The portrayal of the ghost, or witch, that taunts Bol is an embodiment of the superstitions of his culture. I won’t pretend to know much about this culture nor superstitions. Bol and Rial are traumatised by both the events leading up to, and during, their escape. I think this is what the film is about: Post-traumatic stress disorder (PTSD). Refugees are an incredibly vulnerable group of people in society and have complex needs. When I was teacher-training in Sheffield, which has a large refugee population, establishments would classify some students as EAL (English as another language). This Kafka-esque need to segment humans into easily memorable three-letter-acronyms never sat easily with me and seemed inadequate to describe the range of needs of these young people.

The prevalence of mental health disorders, PTSD in particular, is high amongst refugees – Fazel, M., Wheeler, J., & Danesh, J. (2005), Tempany, M. (2009). I have never formally studied sociology nor psychology so please forgive my attempt to substantiate my opinions here.

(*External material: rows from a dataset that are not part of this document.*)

lemma pnorm_snoc_singleton:
  assumes "set es \<subseteq> E" and "e \<in> E" and "esrc e = {u}" and "etgt e = {w}"
    and "es = [] \<or> etgt (last es) = {u}"
  shows "pnorm (es @ [e]) = pnorm es * emat e u w"
  using rowvec_snoc_singleton[OF assms(1-3,5)] pnorm_eq_rowvec_singleton[OF assms(5)]
    pnorm_eq_rowvec_singleton[of "es @ [e]" w] assms(4) by simp

lemma singleton_step:
  assumes bounds: "nonessential_bounds es" and path: "es @ [e] \<in> Omega E"
    and L: "loop_class V E L" "\<not> essential V E L" "in_class L e" and single: "\<forall>v\<in>L. card v = 1"
  shows "nonessential_bounds (es @ [e])"
proof -
  have e: "e \<in> E" and src: "end_vertex es = esrc e" and es: "set es \<subseteq> E"
    using path Omega_edges by (auto simp: Omega_snoc)
  have "card (esrc e) = 1" and "card (etgt e) = 1"
    using L(3) single by (auto simp: in_class_def)
  then obtain u w where u: "esrc e = {u}" and w: "etgt e = {w}"
    by (meson card_1_singletonE)
  let ?s = "emat e u w"
  have "pnorm (piece L es @ [e]) = pnorm (piece L es) * ?s"
    using piece_joins[OF path L(1,3)] es u w
    by (intro pnorm_snoc_singleton[OF _ e]) (auto simp: piece_def)
  then have prod: "class_prod (es @ [e]) = class_prod es * ?s"
    using class_prod_split[OF L(1)] class_prod_except_snoc[OF L(1,3)] L(3) by (simp add: piece_eq_filter)
  have row: "rowvec (es @ [e]) w = rowvec es u * ?s"
    using src u by (intro rowvec_snoc_singleton[OF es e u]) (auto simp: end_vertex_def split: if_splits)
  have "\<not> essential_edge e"
    using L loop_class_unique by (auto simp: essential_edge_def in_class_def)
  moreover have "rowvec es u * ?s \<in>
      {min_colsum ^ transitions es * class_prod es * ?s..max_colsum ^ transitions es * class_prod es * ?s}"
    using bounds src u emat_nonneg[OF e] by (auto simp: nonessential_bounds_def intro: mult_right_mono)
  ultimately show ?thesis
    using bounds w prod row transitions_snoc_in_class[OF L(1,3)]
    by (simp add: nonessential_bounds_def mult.assoc)
qed

lemma essential_step:
  assumes path: "es @ [e] \<in> Omega E"
    and L: "loop_class V E L" "essential V E L" "in_class L e"
    and bounds: "\<forall>g\<in>esrc e. rowvec es g \<in>
        {min_colsum ^ transitions es * class_prod_except L es * rowvec (piece L es) g..
         max_colsum ^ transitions es * class_prod_except L es * rowvec (piece L es) g}"
  shows "essential_bounds L (es @ [e])"
proof -
  have e: "e \<in> E" and src: "end_vertex es = esrc e" and es: "set es \<subseteq> E"
    using path Omega_edges by (auto simp: Omega_snoc)
  have es_joins: "es = [] \<or> etgt (last es) = esrc e"
    using src unfolding end_vertex_def by (cases "es = []") simp_all
  have piece: "set (piece L es) \<subseteq> E"
    using es by (auto simp: piece_def)
  have "piece L (es @ [e]) = piece L es @ [e]"
    using L(3) by (simp add: piece_eq_filter)
  moreover have "rowvec (es @ [e]) h \<in>
      {min_colsum ^ transitions es * class_prod_except L es * rowvec (piece L es @ [e]) h..
       max_colsum ^ transitions es * class_prod_except L es * rowvec (piece L es @ [e]) h}" for h
    unfolding rowvec_snoc[OF es e es_joins] rowvec_snoc[OF piece e piece_joins[OF path L(1,3)]]
    using bounds emat_nonneg[OF e] by (intro sum_mult_bounds) simp_all
  ultimately show ?thesis
    using L class_prod_except_snoc[OF L(1,3)] transitions_snoc_in_class[OF L(1,3)]
    unfolding essential_bounds_def by simp
qed

lemma enter_essential:
  assumes bounds: "nonessential_bounds es" and path: "es @ [e] \<in> Omega E"
    and L: "loop_class V E L" "essential V E L" "in_class L e"
  shows "essential_bounds L (es @ [e])"
proof (rule essential_step[OF path L])
  have empty: "piece L es = []"
    using bounds L(1,2)
    by (auto simp: nonessential_bounds_def essential_edge_def piece_eq_filter filter_empty_conv)
  then have "class_prod_except L es = class_prod es"
    using class_prod_split[OF L(1), of es] by (simp add: pnorm_def)
  moreover have "esrc e = end_vertex es"
    using path by (simp add: Omega_snoc)
  ultimately show "\<forall>g\<in>esrc e. rowvec es g \<in>
      {min_colsum ^ transitions es * class_prod_except L es * rowvec (piece L es) g..
       max_colsum ^ transitions es * class_prod_except L es * rowvec (piece L es) g}"
    using bounds empty by (simp add: nonessential_bounds_def rowvec_def)
qed

lemma stay_essential:
  assumes bounds: "essential_bounds L es" and path: "es @ [e] \<in> Omega E"
  shows "essential_bounds L (es @ [e])"
proof -
  have L: "loop_class V E L" "essential V E L" and last: "es \<noteq> []" "in_class L (last es)"
    using bounds by (simp_all add: essential_bounds_def)
  have e: "e \<in> E" and src: "etgt (last es) = esrc e"
    using path last(1) by (simp_all add: Omega_snoc end_vertex_def)
  have "in_class L e"
    using essential_class_edge[OF L(2) e] src last(2) by (simp add: in_class_def)
  then show ?thesis
    using bounds src by (intro essential_step[OF path L]) (simp_all add: essential_bounds_def)
qed

lemma path_bounds:
  assumes single: "\<forall>L. loop_class V E L \<and> \<not> essential V E L \<longrightarrow> (\<forall>v\<in>L. card v = 1)"
  shows "es \<in> Omega E \<Longrightarrow> nonessential_bounds es \<or> (\<exists>L. essential_bounds L es)"
proof (induction es rule: rev_induct)
  case Nil
  have "class_prod [] = 1"
    by (simp add: class_prod_def pnorm_def piece_def)
  then show ?case
    by (simp add: nonessential_bounds_def transitions_def rowvec_def)
next
  case (snoc e es)
  then have IH: "nonessential_bounds es \<or> (\<exists>L. essential_bounds L es)"
    by (simp add: Omega_snoc)
  show ?case
  proof (cases "\<exists>L. essential_bounds L es")
    case True
    then show ?thesis
      using stay_essential snoc.prems by blast
  next
    case False
    then have bounds: "nonessential_bounds es"
      using IH by blast
    show ?thesis
    proof (cases "transition_edge e")
      case True
      then show ?thesis
        using transition_step[OF bounds snoc.prems] by blast
    next
      case False
      then obtain L where L: "loop_class V E L" "in_class L e"
        by (auto simp: transition_edge_def)
      then show ?thesis
        using enter_essential[OF bounds snoc.prems L(1)] singleton_step[OF bounds snoc.prems L(1)] single
        by blast
    qed
  qed
qed

lemma end_vertex_Omega:
  assumes "es \<in> Omega E"
  shows "finite (end_vertex es)" and "end_vertex es \<noteq> {}" and "card (end_vertex es) \<le> max_card"
proof -
  have "end_vertex es = {id} \<or> end_vertex es \<in> V"
  proof (cases "es = []")
    case False
    then have "last es \<in> E"
      using Omega_edges[OF assms] last_in_set by blast
    then show ?thesis
      using edge_vertices False by (simp add: end_vertex_def)
  qed (simp add: end_vertex_def)
  then show "finite (end_vertex es)" and "end_vertex es \<noteq> {}" and "card (end_vertex es) \<le> max_card"
    using finite_vertex nonempty_vertex card_le_max_card one_le_max_card by auto
qed

lemma pnorm_eq_sum_end_vertex: "pnorm es = (\<Sum>g\<in>end_vertex es. rowvec es g)"
  using pnorm_eq_sum_rowvec[of es] by (cases "es = []") (simp_all add: end_vertex_def pnorm_def rowvec_def)

lemma pnorm_nonessential_bounds:
  assumes bounds: "nonessential_bounds es" and path: "es \<in> Omega E"
  shows "pnorm es \<in> {min_colsum ^ transitions es * class_prod es..
    max_card * (max_colsum ^ transitions es * class_prod es)}"
proof -
  let ?b = "max_colsum ^ transitions es * class_prod es"
  have row: "\<forall>g\<in>end_vertex es. rowvec es g \<in> {min_colsum ^ transitions es * class_prod es..?b}"
    using bounds by (simp add: nonessential_bounds_def)
  obtain g0 where "g0 \<in> end_vertex es"
    using end_vertex_Omega(2)[OF path] by blast
  then have "min_colsum ^ transitions es * class_prod es \<le> pnorm es"
    unfolding pnorm_eq_sum_end_vertex using row end_vertex_Omega(1)[OF path] rowvec_nonneg[OF Omega_edges[OF path]]
    by (intro order_trans[OF _ member_le_sum[of g0]]) auto
  moreover have "pnorm es \<le> card (end_vertex es) * ?b"
    unfolding pnorm_eq_sum_end_vertex using row sum_mono[of "end_vertex es" "rowvec es" "\<lambda>_. ?b"] by simp
  moreover have "card (end_vertex es) * ?b \<le> max_card * ?b"
    using end_vertex_Omega(3)[OF path] one_le_max_colsum class_prod_nonneg[OF Omega_edges[OF path]]
    by (intro mult_right_mono) auto
  ultimately show ?thesis
    by simp
qed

Psychosis is, with simplification, where someone loses some contact with reality and there are two main symptoms: hallucinations and delusional beliefs. Mental health assessment is made difficult because of cultural differences between people. Basically, if you subscribed to the same belief as everybody around you (for example, a great nose sneezed life into existence – in reference Douglas Adams’s Hitchhikers Guide to the Galaxy) then you would not be deemed psychotic. Here is a an intrinsic difficulty I have with conventional mental health perspectives – how on earth would we spot a mass psychosis? What happens if I didn’t place value on bits of paper sporting the face of a monarch? Could I be delusional?

This relationship between PTSD and psychosis is a complex (and relatively recent) field of study and Tull, M. (2020) cites a study that suggests psychotic symptoms such as hallucinations and sensations out of body (e.g. being touched by something not there) are as high as 20% among sufferers of PTSD. I think the characters’ accounts of supernatural events, which we see through their eyes in ‘His House’, could be explained by PTSD.

I think this film is much deeper than a simple horror movie and grants the audience a visceral insight into the extreme mental health of two individuals, brought on by trauma. The ghosts are an external manifestation of their inner-demons. I think the films does provide a social commentary on how inhumane our systems and politics, are then, in the treatment of refugees. But I think the film uses the scenario to illustrate something more universal about the human condition and while I try to refrain from spoilers, this is aptly eluded to in Bol’s, profoundly Jungian, reflection toward the end of the film: “Your ghosts follow you. They never leave. They live with you. It’s when I let them in, I could start to face myself.”

Halloween and accounts of poltergeist have never been scary for me as much as silly, even as a child. For me, this film echoes the writings of Nietzsche in that the greatest demons we fight are often those we cannot see, within ourselves. By the end, the film testifies to the core theme of Carl Jung’s work: “we must integrate our shadow into ourselves by ‘turning toward’ the darkness”.

References

Fazel, M., Wheeler, J., & Danesh, J. (2005). Prevalence of serious mental disorder in 7,000 refugees resettled in Western countries: A systematic review. The Lancet, 365, 1309–1314.

Tempany, M. (2009). What research tells us about the mental health and psychosocial wellbeing of Sudanese refugees: A literature review. Transcultural Psychiatry, 46, 300–315.